Acer did not reveal MSRP of its 360° camera or its launch date. Moreover, the company provided no specifications and even did not display it alongside other products it announced at the Next@Acer event. It is a little odd for a company to announce a device and then keep it under wraps, but we have two pontential explanations for this: either development of the Holo 360 is far from completion, or the whole device is just a test vehicle for Acer’s 360° video hardware and software, which will end up in one of the company’s upcoming smartphones.

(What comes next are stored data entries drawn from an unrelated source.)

lemma C1_sum:
  fixes F :: "'i \<Rightarrow> 'a::euclidean_space \<Rightarrow> real"
  assumes "finite I" "\<And>i. i \<in> I \<Longrightarrow> C1 (F i)" shows "C1 (\<lambda>x. \<Sum>i\<in>I. F i x)"
  using assms
proof (induction I rule: finite_induct)
  case empty then show ?case using C1_const[of 0] by simp
next
  case (insert a I)
  then have "C1 (\<lambda>x. F a x + (\<Sum>i\<in>I. F i x))" by (intro C1_add) auto
  then show ?case using insert by simp
qed

lemma C1_component:
  fixes y :: "'a::euclidean_space \<Rightarrow> real^'n"
  assumes "C1 y" shows "C1 (\<lambda>q. y q $ i)"
  using C1_compose[OF C1_linear[OF bounded_linear_vec_nth] assms] .

lemma partial_C1: "smooth f \<Longrightarrow> C1 (partial f i)"
  using C1_directional_derivative[OF smooth_imp_Ck, of f "axis i 1"]
  by (simp add: partial_def[abs_def])

lemma continuous_bounded_on_ball:
  fixes g :: "'a::euclidean_space \<Rightarrow> real"
  assumes "continuous_on UNIV g"
  shows "\<exists>G. \<forall>p. norm p \<le> r \<longrightarrow> \<bar>g p\<bar> \<le> G"
proof -
  have "compact (g ` cball 0 r)"
    by (rule compact_continuous_image[OF continuous_on_subset[OF assms]]) auto
  then obtain G where "\<forall>y\<in>g ` cball 0 r. norm y \<le> G"
    using compact_imp_bounded bounded_iff by metis
  then show ?thesis by (intro exI[of _ G]) (auto simp: mem_cball_0)
qed

lemma C1_lipschitz_on_ball:
  fixes g :: "'a::euclidean_space \<Rightarrow> real"
  assumes g: "C1 g"
  shows "\<exists>L\<ge>0. \<forall>p q. norm p \<le> r \<longrightarrow> norm q \<le> r \<longrightarrow> \<bar>g p - g q\<bar> \<le> L * norm (p - q)"
proof -
  have "continuous_on UNIV (\<lambda>p. \<Sum>b\<in>Basis. \<bar>frechet_derivative g (at p) b\<bar>)"
    using g by (auto intro!: continuous_intros)
  then obtain M where M: "\<And>p. norm p \<le> r \<Longrightarrow> \<bar>\<Sum>b\<in>Basis. \<bar>frechet_derivative g (at p) b\<bar>\<bar> \<le> M"
    using continuous_bounded_on_ball by blast
  define L where "L = max M 0"
  have "\<bar>g p - g q\<bar> \<le> L * norm (p - q)" if p: "norm p \<le> r" and q: "norm q \<le> r" for p q
  proof -
    have "norm (g p - g q) \<le> L * norm (p - q)"
    proof (rule differentiable_bound[where f'="\<lambda>p. frechet_derivative g (at p)" and S="cball 0 r"])
      fix y :: 'a assume y: "y \<in> cball 0 r"
      show "(g has_derivative frechet_derivative g (at y)) (at y within cball 0 r)"
        using C1_has_derivative[OF g] by (rule has_derivative_at_withinI)
      have bl: "bounded_linear (frechet_derivative g (at y))"
        using C1_has_derivative[OF g] by (rule has_derivative_bounded_linear)
      have "onorm (frechet_derivative g (at y)) \<le> (\<Sum>b\<in>Basis. norm (frechet_derivative g (at y) b))"
        by (rule onorm_componentwise[OF bl])
      also have "\<dots> \<le> M" using M[of y] y by (simp add: mem_cball_0)
      also have "\<dots> \<le> L" by (simp add: L_def)
      finally show "onorm (frechet_derivative g (at y)) \<le> L" .
    qed (use p q in \<open>auto simp: mem_cball_0\<close>)
    then show ?thesis by simp
  qed
  moreover have "L \<ge> 0" by (simp add: L_def)
  ultimately show ?thesis by blast
qed

section \<open>Oriented integrals\<close>

lemma oint_has_derivative:
  assumes h: "continuous_on UNIV h"
  shows "((\<lambda>U. oint a U h) has_real_derivative h U0) (at U0)"
proof -
  define c where "c = min a U0 - 1"
  define b where "b = max a U0 + 1"
  have int: "h integrable_on {p..q}" for p q
    by (rule integrable_continuous_interval) (rule continuous_on_subset[OF h], simp)
  have eq: "oint a U h = integral {c..U} h - integral {c..a} h" if "U \<in> {c<..<b}" for U
  proof (cases "a \<le> U")
    case True
    have "integral {c..a} h + integral {a..U} h = integral {c..U} h"
      using True c_def by (intro Henstock_Kurzweil_Integration.integral_combine int) auto
    then show ?thesis using True by (simp add: oint_def)
  next
    case False
    have "integral {c..U} h + integral {U..a} h = integral {c..a} h"
      using False that c_def by (intro Henstock_Kurzweil_Integration.integral_combine int) auto
    then show ?thesis using False by (simp add: oint_def)
  qed
  have "((\<lambda>u. integral {c..u} h) has_vector_derivative h U0) (at U0 within {c..b})"
    by (rule integral_has_vector_derivative) (auto intro: continuous_on_subset[OF h] simp: c_def b_def)
  then have "((\<lambda>u. integral {c..u} h) has_vector_derivative h U0) (at U0 within {c<..<b})"
    by (rule has_vector_derivative_within_subset) auto
  then have "((\<lambda>u. integral {c..u} h) has_vector_derivative h U0) (at U0)"
    by (subst (asm) at_within_open) (auto simp: c_def b_def)
  then have "((\<lambda>u. integral {c..u} h - integral {c..a} h) has_real_derivative h U0) (at U0)"
    by (auto simp: has_real_derivative_iff_has_vector_derivative[symmetric] intro!: derivative_eq_intros)
  then show ?thesis
    by (rule has_field_derivative_transform_within_open[where S="{c<..<b}"]) (auto simp: eq c_def b_def)
qed
(* Let $n\ge 3$ and let $A_1\ldots A_n$ be a regular $n$-gon in the coordinate plane. Let $f(x)$ be a real polynomial of degree $n$ whose roots, counted with multiplicity, are the abscissas of $A_1,\ldots,A_n$ (i.e. $f(x)=c\prod_{j=1}^n (x-x(A_j))$, $c\neq 0$). Then every root of $f$ has multiplicity at most $2$, $f'$ has $n-1$ distinct real roots, and if $l_1,\ldots,l_{n-1}$ are the vertical lines through these roots, then the leftmost and the rightmost of these lines are tangent to the circle inscribed in $A_1\ldots A_n$. Equivalently, if $O=(o,\cdot)$ is the center and $r$ the inradius of the polygon, then the smallest root of $f'$ is $o-r$ and the largest is $o+r$.
   Context: "Vertical" means parallel to the ordinate axis; $x(P)$ denotes the abscissa of a point $P$. *)

theory Defs
  imports Complex_Main "HOL-Computational_Algebra.Polynomial"
begin

definition regular_polygon :: "nat \<Rightarrow> (nat \<Rightarrow> real \<times> real) \<Rightarrow> real \<times> real \<Rightarrow> real \<Rightarrow> bool" where
  "regular_polygon n A c R \<longleftrightarrow> R > 0 \<and>
     (\<exists>\<theta>::real. \<exists>s\<in>{-1, 1::real}. \<forall>j\<in>{1..n}.
        A j = (fst c + R * cos (\<theta> + s * 2 * pi * real j / real n),
               snd c + R * sin (\<theta> + s * 2 * pi * real j / real n)))"

definition inradius :: "nat \<Rightarrow> real \<Rightarrow> real" where
  "inradius n R = R * cos (pi / real n)"

end

theory Submission
  imports Defs
begin

text \<open>Put the vertex abscissas in the form \<open>x(c) + R cos(\<theta> + 2\<pi>j/n)\<close>. The factorisation
  \<open>z\<^sup>n - w\<^sup>n = \<Prod>\<^sub>k (z - w \<zeta>\<^sup>k)\<close> over the \<open>n\<close>-th roots of unity, read through
  \<open>cos \<phi> = (z + z\<^sup>-\<^sup>1)/2\<close>, gives \<open>\<Prod>\<^sub>j (cos \<phi> - cos(\<theta> + 2\<pi>j/n)) = (cos n\<phi> - cos n\<theta>) / 2\<^sup>n\<^sup>-\<^sup>1\<close>.
  So \<open>f(x(c) + R cos \<phi>)\<close> is a multiple of \<open>cos n\<phi> - cos n\<theta>\<close>, whose derivative in \<open>\<phi>\<close>
  vanishes at \<open>\<phi> = k\<pi>/n\<close>; since \<open>sin \<phi> \<noteq> 0\<close> there for \<open>0 < k < n\<close>, the \<open>n - 1\<close> distinct
  points \<open>x(c) + R cos(k\<pi>/n)\<close> are roots of \<open>f'\<close>, which has degree \<open>n - 1\<close>. They are therefore
  all its roots, all simple (so roots of \<open>f\<close> have multiplicity at most 2), and the extreme
  ones are \<open>x(c) \<plusminus> R cos(\<pi>/n)\<close>.\<close>

lemma prod_diff_roots_of_unity:
  assumes n: "n > 0"
  shows "(\<Prod>k<n. y - cis (2 * pi * real k / real n)) = y ^ n - 1"
proof -
  let ?\<zeta> = "\<lambda>k. cis (2 * pi * real k / real n)"
  define p where "p = (\<Prod>k<n. [:- ?\<zeta> k, 1:])"
  define q where "q = monom (1::complex) n - 1"
  have bij: "bij_betw ?\<zeta> {..<n} {z. z ^ n = 1}"
    by (rule bij_betw_roots_unity[OF n])
  have deg_p: "degree p = n"
    unfolding p_def by (subst degree_prod_sum_eq) auto
  have lead_p: "lead_coeff p = 1"
    unfolding p_def lead_coeff_prod by simp
  have "p = q"
  proof (rule poly_eqI_degree_lead_coeff[where A = "?\<zeta> ` {..<n}" and n = n])
    show "coeff p n = coeff q n"
      using deg_p lead_p n by (simp add: q_def)
    show "n \<le> card (?\<zeta> ` {..<n})"
      using bij card_roots_unity_eq[OF n] by (simp add: bij_betw_def)
    show "degree p \<le> n" "degree q \<le> n"
      using deg_p n by (auto simp: q_def intro!: degree_diff_le order.trans[OF degree_monom_le])
  next
    fix z assume "z \<in> ?\<zeta> ` {..<n}"
    then obtain k where k: "k < n" "z = ?\<zeta> k" by auto
    hence "poly p z = 0" by (auto simp: p_def poly_prod intro!: prod_zero)
    moreover have "z ^ n = 1" using bij k by (auto simp: bij_betw_def)
    ultimately show "poly p z = poly q z" by (simp add: q_def poly_monom)
  qed
  hence "poly p y = poly q y" by simp
  thus ?thesis by (simp add: p_def q_def poly_prod poly_monom)
qed

lemma prod_diff_scaled_roots_of_unity:
  assumes n: "n > 0"
  shows "(\<Prod>k<n. z - w * cis (2 * pi * real k / real n)) = z ^ n - w ^ n"
proof (cases "w = 0")
  case True
  thus ?thesis using n by (simp add: power_0_left)
next
  case False
  have "(\<Prod>k<n. z - w * cis (2 * pi * real k / real n))
      = (\<Prod>k<n. w * (z / w - cis (2 * pi * real k / real n)))"
    using False by (intro prod.cong) (auto simp: field_simps)
  also have "\<dots> = w ^ n * ((z / w) ^ n - 1)"
    by (simp add: prod.distrib prod_diff_roots_of_unity[OF n])
  also have "\<dots> = z ^ n - w ^ n"
    using False by (simp add: field_simps power_divide)
  finally show ?thesis .
qed

lemma cis_2pi_of_nat_mod:
  assumes "n > 0"
  shows "cis (2 * pi * real (j mod n) / real n) = cis (2 * pi * real j / real n)"
proof -
  have j: "real j = real n * real (j div n) + real (j mod n)"
    by (simp flip: of_nat_mult of_nat_add)
  have "2 * pi * real j / real n = 2 * pi * real (j mod n) / real n + 2 * pi * real (j div n)"
    using assms by (subst j) (simp add: field_simps)
  hence "cis (2 * pi * real j / real n) = cis (2 * pi * real (j mod n) / real n) * cis (2 * pi * real (j div n))"
    by (simp only: cis_mult)
  thus ?thesis by simp
qed

lemma cis_2pi_of_nat_diff:
  assumes "j \<le> n" "n > 0"
  shows "cis (2 * pi * real (n - j) / real n) = cis (- 2 * pi * real j / real n)"
proof -
  have "2 * pi * real (n - j) / real n = - 2 * pi * real j / real n + 2 * pi * real (1::nat)"
    using assms by (simp add: of_nat_diff field_simps)
  thus ?thesis by (simp only: cis_mult[symmetric] cis_multiple_2pi Ints_of_nat mult_1_right)
qed

lemma prod_diff_cis_regular:
  assumes n: "n > 0" and s: "s \<in> {-1, 1::real}"
  shows "(\<Prod>j=1..n. z - cis (\<theta> + s * 2 * pi * real j / real n)) = z ^ n - cis \<theta> ^ n"
proof -
  let ?h = "\<lambda>k. z - cis \<theta> * cis (2 * pi * real k / real n)"
  have "(\<Prod>j=1..n. z - cis (\<theta> + s * 2 * pi * real j / real n)) = (\<Prod>k<n. ?h k)"
  proof (cases "s = 1")
    case True
    show ?thesis
    proof (rule prod.reindex_bij_witness[of _ "\<lambda>k. if k = 0 then n else k" "\<lambda>j. j mod n"])
      fix j assume "j \<in> {1..n}"
      thus "(if j mod n = 0 then n else j mod n) = j" "j mod n \<in> {..<n}"
        by (auto simp: le_less)
      show "?h (j mod n) = z - cis (\<theta> + s * 2 * pi * real j / real n)"
        using True n by (simp add: cis_2pi_of_nat_mod cis_mult)
    qed (use n in auto)
  next
    case False
    with s have "s = -1" by auto
    show ?thesis
    proof (rule prod.reindex_bij_witness[of _ "\<lambda>k. n - k" "\<lambda>j. n - j"])
      fix j assume j: "j \<in> {1..n}"
      thus "n - (n - j) = j" "n - j \<in> {..<n}" by auto
      have "j \<le> n" using j by simp
      show "?h (n - j) = z - cis (\<theta> + s * 2 * pi * real j / real n)"
        unfolding cis_2pi_of_nat_diff[OF \<open>j \<le> n\<close> n] cis_mult using \<open>s = -1\<close> by simp
    qed auto
  qed
  also have "\<dots> = z ^ n - cis \<theta> ^ n"
    by (rule prod_diff_scaled_roots_of_unity[OF n])
  finally show ?thesis .
qed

While we do not know almost anything about the Acer Holo 360, it is important that the company demonstrated it at all. On the one hand, it shows that Acer believes in VR and 360° content, which is not exactly surprising as the manufacturer is working on its VR and mixed reality headsets with various partners. On the other hand, it means that Acer sees a potential market for this kind of product, either in an integrated or discrete form. The latter would be an especially interesting twist of fate, as the company used to make portable cameras many years ago.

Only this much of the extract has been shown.